Edgard Calel was born in Chi Xot (San Juan Comalapa), Guatemala. Calel’s practice draws deeply from his Indigenous Mayan Kaqchikel heritage, integrating traditional ceremonies and ancestral collective memory into installations, performances, and participatory art. Calel creates dialogues between different cultural systems, using symbolic materials such as corn, candles, stones, fruits, and family objects to address spirituality, cultural identity, and the ongoing effects of colonisation, as well as the systemic racism and exclusion that the indigenous people of Guatemala endure daily.
Edgar Calel is an artist participating in the 3rd Helsinki Biennial; his works will be installed in Helsinki Art Museum HAM from 08.06.2025 to 21.09.2025
Edgar Calel (Chi Xot – San Juan Comalapa, Guatemala, 1987) is an artist who works with diverse media to explore the Indigenous experience from the worldview and practices of the Kaqchikel Maya people, in dialogue with the structures of exclusion and racism in Guatemala.
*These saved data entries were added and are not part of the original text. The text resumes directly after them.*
section \<open>Moduli one, two and three\<close>

lemma minus_closed_one_inversion:
  assumes closed: "minus_closed 1 Q" and Qn: "Q \<subseteq> {..<n}"
    and card: "card Q = k" "3 \<le> k" "2 * k \<le> n"
  shows "(1, n - 2) \<in> inversions Q n \<inter> block_diagonal 1 (n - 1) n"
proof -
  have down: "y \<in> Q" if "x \<in> Q" "y \<le> x" for x y
    using minus_closed_mod_eq[OF closed that] by simp
  have finQ: "finite Q" using Qn finite_subset by blast
  have "\<not> Q \<subseteq> {0}" using card card_mono[of "{0}" Q] by auto
  then obtain x where "x \<in> Q" "x \<noteq> 0" by blast
  then have "1 \<in> Q" using down[of x 1] by simp
  have "n - 2 \<notin> Q" using minus_closed_div_less_card[OF closed finQ, of "n - 2"] card by auto
  then show ?thesis using \<open>1 \<in> Q\<close> card by (auto simp: inversions_def block_diagonal_def)
qed

lemma inversion_Suc_if_one_parity:
  assumes "\<And>x. x \<in> Q \<Longrightarrow> x mod 2 = e" "x \<in> Q" "Suc x < n"
  shows "(x, Suc x) \<in> inversions Q n"
proof -
  have "Suc x mod 2 \<noteq> x mod 2" by presburger
  then have "Suc x \<notin> Q" using assms(1)[OF assms(2)] assms(1)[of "Suc x"] by auto
  then show ?thesis using assms(2,3) by (simp add: inversions_def)
qed

lemma even_minus_closed_two_inversions:
  assumes closed: "minus_closed 2 Q" and bottom: "Q \<inter> {..<2} = {0}"
    and mid: "Q \<inter> {2..<n - 2} \<noteq> {}" and "6 \<le> n"
  shows "2 \<le> card (inversions Q n \<inter> block_diagonal 2 (n - 2) n)"
proof -
  have parity: "x mod 2 = 0" if "x \<in> Q" for x
    by (rule minus_closed_mod_eq_singleton[OF closed bottom that])
  obtain x where x: "x \<in> Q" "2 \<le> x" using mid by auto
  have "0 \<in> Q" "2 \<in> Q"
    using minus_closed_mod_eq[OF closed x(1), of 0] minus_closed_mod_eq[OF closed x(1), of 2]
      x parity[OF x(1)] by simp_all
  moreover have "(0, 1) \<in> block_diagonal 2 (n - 2) n" by (rule block_diagonalI(1)) simp_all
  moreover have "(2, 3) \<in> block_diagonal 2 (n - 2) n"
    using \<open>6 \<le> n\<close> by (intro block_diagonalI(2)) simp_all
  ultimately have "(0, 1) \<in> inversions Q n \<inter> block_diagonal 2 (n - 2) n"
    "(2, 3) \<in> inversions Q n \<inter> block_diagonal 2 (n - 2) n"
    using inversion_Suc_if_one_parity[OF parity, where x = 0 and n = n]
      inversion_Suc_if_one_parity[OF parity, where x = 2 and n = n] \<open>6 \<le> n\<close> by simp_all
  moreover have "finite (inversions Q n \<inter> block_diagonal 2 (n - 2) n)"
    using finite_inversions by blast
  ultimately show ?thesis by (intro two_le_card_if_distinct_mem[of _ "(0, 1)" "(2, 3)"]) simp_all
qed

lemma odd_minus_closed_two_inversions:
  assumes closed: "minus_closed 2 Q" and Qn: "Q \<subseteq> {..<n}"
    and card: "card Q = k" "3 \<le> k" "2 * k \<le> n" and bottom: "Q \<inter> {..<2} = {1}" and top: "Q \<inter> {n - 2..<n} \<noteq> {}" and "6 \<le> n"
  shows "(k, n) \<in> {(3, 6), (4, 8)} \<or> 2 \<le> card (inversions Q n \<inter> block_diagonal 2 (n - 2) n)"
proof -
  let ?W = "inversions Q n \<inter> block_diagonal 2 (n - 2) n"
  have finW: "finite ?W" using finite_inversions by blast
  have parity: "x mod 2 = 1" if "x \<in> Q" for x
    by (rule minus_closed_mod_eq_singleton[OF closed bottom that])
  have step: "(x, Suc x) \<in> inversions Q n" if "x \<in> Q" "Suc x < n" for x
    by (rule inversion_Suc_if_one_parity[OF parity that])
  obtain y where y: "y \<in> Q" "n - 2 \<le> y" "y < n" using top by auto
  have below_y: "z \<in> Q" if "z \<le> y" "z mod 2 = 1" for z
    using minus_closed_mod_eq[OF closed y(1) that(1)] parity[OF y(1)] that(2) by simp
  show ?thesis
  proof (cases "even n")
    case False
    then have "y = n - 2" "7 \<le> n" using y parity[OF y(1)] \<open>6 \<le> n\<close> by presburger+
    have "(3, 4) \<in> ?W"
      using step[of 3] below_y[of 3] \<open>y = n - 2\<close> \<open>7 \<le> n\<close> by (simp add: block_diagonalI(2))
    moreover have "(n - 2, n - 1) \<in> ?W"
      using step[of "n - 2"] y(1) \<open>y = n - 2\<close> \<open>7 \<le> n\<close>
      by (simp add: block_diagonalI(3) Suc_diff_Suc numeral_2_eq_2)
    moreover have "(3, 4) \<noteq> (n - 2, n - 1)" using \<open>7 \<le> n\<close> by simp
    ultimately have "2 \<le> card ?W" by (rule two_le_card_if_distinct_mem[OF finW])
    then show ?thesis ..
  next
    case True
    then have "y = n - 1" using y parity[OF y(1)] by presburger
    have "n = 6 \<or> n = 8 \<or> 10 \<le> n" using True \<open>6 \<le> n\<close> by presburger
    then consider "n = 6" | "n = 8" | "10 \<le> n" by blast
    then show ?thesis
    proof cases
      case 2
      have "y div 2 < k"
        using minus_closed_div_less_card[OF closed finite_subset[OF Qn finite_lessThan] y(1)] card
        by simp
      then show ?thesis using 2 \<open>y = n - 1\<close> card by simp
    next
      case 3
      have "(3, 4) \<in> ?W" "(5, 6) \<in> ?W"
        using step[of 3] step[of 5] below_y[of 3] below_y[of 5] \<open>y = n - 1\<close> 3
        by (simp_all add: block_diagonalI(2))
      then have "2 \<le> card ?W" by (rule two_le_card_if_distinct_mem[OF finW]) simp
      then show ?thesis ..
    qed (use card in simp)
  qed
qed
lemma sum_le_triangular:
  fixes l :: "nat \<Rightarrow> nat"
  assumes "k \<le> r" and "\<And>q. q < k \<Longrightarrow> l q + q \<le> r"
  shows "(\<Sum>q<k. l q) \<le> (\<Sum>q<r. r - q)"
proof -
  have "(\<Sum>q<k. l q) \<le> (\<Sum>q<k. r - q)"
    using assms(2) by (intro sum_mono) force
  also have "\<dots> \<le> (\<Sum>q<r. r - q)"
    using assms(1) by (intro sum_mono2) auto
  finally show ?thesis .
qed

lemma sum_eq_triangular_imp_first:
  fixes l :: "nat \<Rightarrow> nat"
  assumes "k \<le> r" and bound: "\<And>q. q < k \<Longrightarrow> l q + q \<le> r"
    and eq: "(\<Sum>q<k. l q) = (\<Sum>q<r. r - q)" and "0 < r"
  shows "0 < k \<and> l 0 = r"
proof -
  obtain r' where r: "r = Suc r'"
    using \<open>0 < r\<close> gr0_implies_Suc by blast
  have triangle_r: "(\<Sum>q<r. r - q) = r + (\<Sum>q<r'. r' - q)"
    unfolding r by (subst sum.lessThan_Suc_shift) simp
  obtain k' where k: "k = Suc k'"
    using eq triangle_r r by (cases k) auto
  have "(\<Sum>q<k. l q) = l 0 + (\<Sum>q<k'. l (Suc q))"
    unfolding k by (subst sum.lessThan_Suc_shift) simp
  also have "(\<Sum>q<k'. l (Suc q)) \<le> (\<Sum>q<r'. r' - q)"
    using assms(1) bound unfolding k r by (intro sum_le_triangular) force+
  finally have "(\<Sum>q<k. l q) \<le> l 0 + (\<Sum>q<r'. r' - q)"
    by simp
  moreover have "l 0 \<le> r"
    using bound[of 0] k by simp
  ultimately show ?thesis
    using eq triangle_r k by simp
qed

lemma total_length_conv_sum: "total_length ps = (\<Sum>q<length ps. length (ps ! q))"
  unfolding total_length_def by (simp add: sum_list_sum_nth atLeast0LessThan)

lemma multipath_nth_length_le:
  assumes fin: "finite V" and mp: "multipath V E ps" and q: "q < length ps"
  shows "length (ps ! q) + q \<le> card V"
proof -
  define H where "H = (\<lambda>i. hd (ps ! i)) ` {..<q}"
  have paths: "simple_path V E (ps ! i)" if "i < length ps" for i
    using mp that by (simp add: multipath_def)
  have "inj_on (\<lambda>i. hd (ps ! i)) {..<q}"
    using mp q by (auto simp: multipath_def inj_on_def distinct_conv_nth) (metis less_trans)
  then have card_H: "card H = q"
    unfolding H_def by (simp add: card_image)
  have H_V: "H \<subseteq> V"
  proof
    fix x assume "x \<in> H"
    then obtain i where "i < q" "x = hd (ps ! i)"
      unfolding H_def by auto
    with paths[of i] q show "x \<in> V"
      by (metis hd_in_set less_trans simple_path_def subsetD)
  qed
  have "set (ps ! q) \<subseteq> V - H"
    using paths[OF q] mp q unfolding simple_path_def multipath_def H_def by auto
  then have "card (set (ps ! q)) \<le> card V - q"
    using fin card_H H_V by (metis card_Diff_subset card_mono finite_Diff infinite_super)
  moreover have "q \<le> card V"
    using card_mono[OF fin H_V] card_H by simp
  moreover have "card (set (ps ! q)) = length (ps ! q)"
    using paths[OF q] by (simp add: simple_path_def distinct_card)
  ultimately show ?thesis
    by simp
qed

lemma multipath_length_le:
  assumes "finite V" and "multipath V E ps"
  shows "length ps \<le> card V"
proof (cases ps rule: rev_cases)
  case (snoc qs p)
  then have "p \<noteq> []"
    using assms(2) by (auto simp: multipath_def simple_path_def)
  then show ?thesis
    using multipath_nth_length_le[OF assms, of "length qs"] snoc by (cases p) auto
qed simp

lemma total_length_multipath_le:
  assumes "finite V" and "multipath V E ps"
  shows "total_length ps \<le> card V * (card V + 1) div 2"
  unfolding total_length_conv_sum sum_diff_triangular[symmetric]
  using assms by (intro sum_le_triangular multipath_length_le multipath_nth_length_le)

lemma total_length_multipath_eq_imp_spanning:
  assumes fin: "finite V" and mp: "multipath V E ps" and "V \<noteq> {}"
    and eq: "total_length ps = card V * (card V + 1) div 2"
  shows "ps \<noteq> [] \<and> simple_path V E (ps ! 0) \<and> set (ps ! 0) = V"
proof -
  have "0 < length ps \<and> length (ps ! 0) = card V"
    using eq fin \<open>V \<noteq> {}\<close>
    unfolding total_length_conv_sum sum_diff_triangular[symmetric]
    by (intro sum_eq_triangular_imp_first multipath_length_le[OF fin mp]
        multipath_nth_length_le[OF fin mp]) (auto simp: card_gt_0_iff)
  moreover from this have path: "simple_path V E (ps ! 0)"
    using mp by (simp add: multipath_def)
  ultimately show ?thesis
    using fin by (auto simp: simple_path_def card_subset_eq distinct_card)
qed

lemma simply_laced_dynkin_sym:
  assumes dyn: "simply_laced_dynkin V E" and "E x y"
  shows "E y x"
proof -
  have in_V: "x \<in> V" "y \<in> V"
    using dyn \<open>E x y\<close> by (auto simp: simply_laced_dynkin_def)
  then obtain t f where
    iso: "\<forall>u\<in>component V E x. \<forall>v\<in>component V E x. E u v \<longleftrightarrow> dt_adj t (f u) (f v)"
    using dyn unfolding simply_laced_dynkin_def iso_to_type_def by blast
  have "x \<in> component V E x" "y \<in> component V E x"
    using in_V \<open>E x y\<close> by (auto simp: component_def)
  then show ?thesis
    using iso \<open>E x y\<close> dt_adj_sym by metis
qed

lemma simply_laced_dynkin_irrefl:
  assumes dyn: "simply_laced_dynkin V E"
  shows "\<not> E x x"
proof
  assume "E x x"
  then have "x \<in> V"
    using dyn by (auto simp: simply_laced_dynkin_def)
  then obtain t f where "dt_valid t"
    and iso: "\<forall>u\<in>component V E x. \<forall>v\<in>component V E x. E u v \<longleftrightarrow> dt_adj t (f u) (f v)"
    using dyn unfolding simply_laced_dynkin_def iso_to_type_def by blast
  moreover have "x \<in> component V E x"
    by (simp add: component_def)
  ultimately show False
    using \<open>E x x\<close> dt_adj_irrefl by blast
qed

lemma simple_path_nth_in_component:
  assumes "simple_path V E p" and "k < length p"
  shows "p ! k \<in> component V E (p ! 0)"
  using assms(2)
proof (induction k)
  case (Suc k)
  then have "E (p ! k) (p ! Suc k)" "p ! k \<in> V" "p ! Suc k \<in> V"
    using assms(1) by (auto simp: simple_path_def)
  with Suc show ?case
    unfolding component_def by (auto intro: rtranclp.rtrancl_into_rtrancl)
qed (simp add: component_def)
He currently has three solo exhibitions: Ru Raxal qa Rayb’äl at La Nueva Fábrica (Guatemala), Kutenten – kutenten – kutenten at Mendes Wood DM (New York), and Ni Musmut at Bergen Kunsthall (Norway). In 2023, he held his first institutional exhibition, B’alab’äj, at SculptureCenter (New York), and in 2021, his first solo exhibition at Proyectos Ultravioleta (Guatemala). He has participated in prominent group exhibitions, including the 35th São Paulo Biennial (2023), the 12th Liverpool Biennial (2023), the 14th Gwangju Biennial (2023), the 58th Carnegie International (2022), and the 11th Berlin Biennial (2020), among many others. His work is included in collections such as the Tate (UK), the Museo Reina Sofía (Spain), the Hammer Museum (USA), the National Gallery of Canada, and the Rijkscollectie (Netherlands). He has participated in residencies at Tropical Papers, Residência Rua do Sol (Portugal), and Lastro Research Platform (Brazil).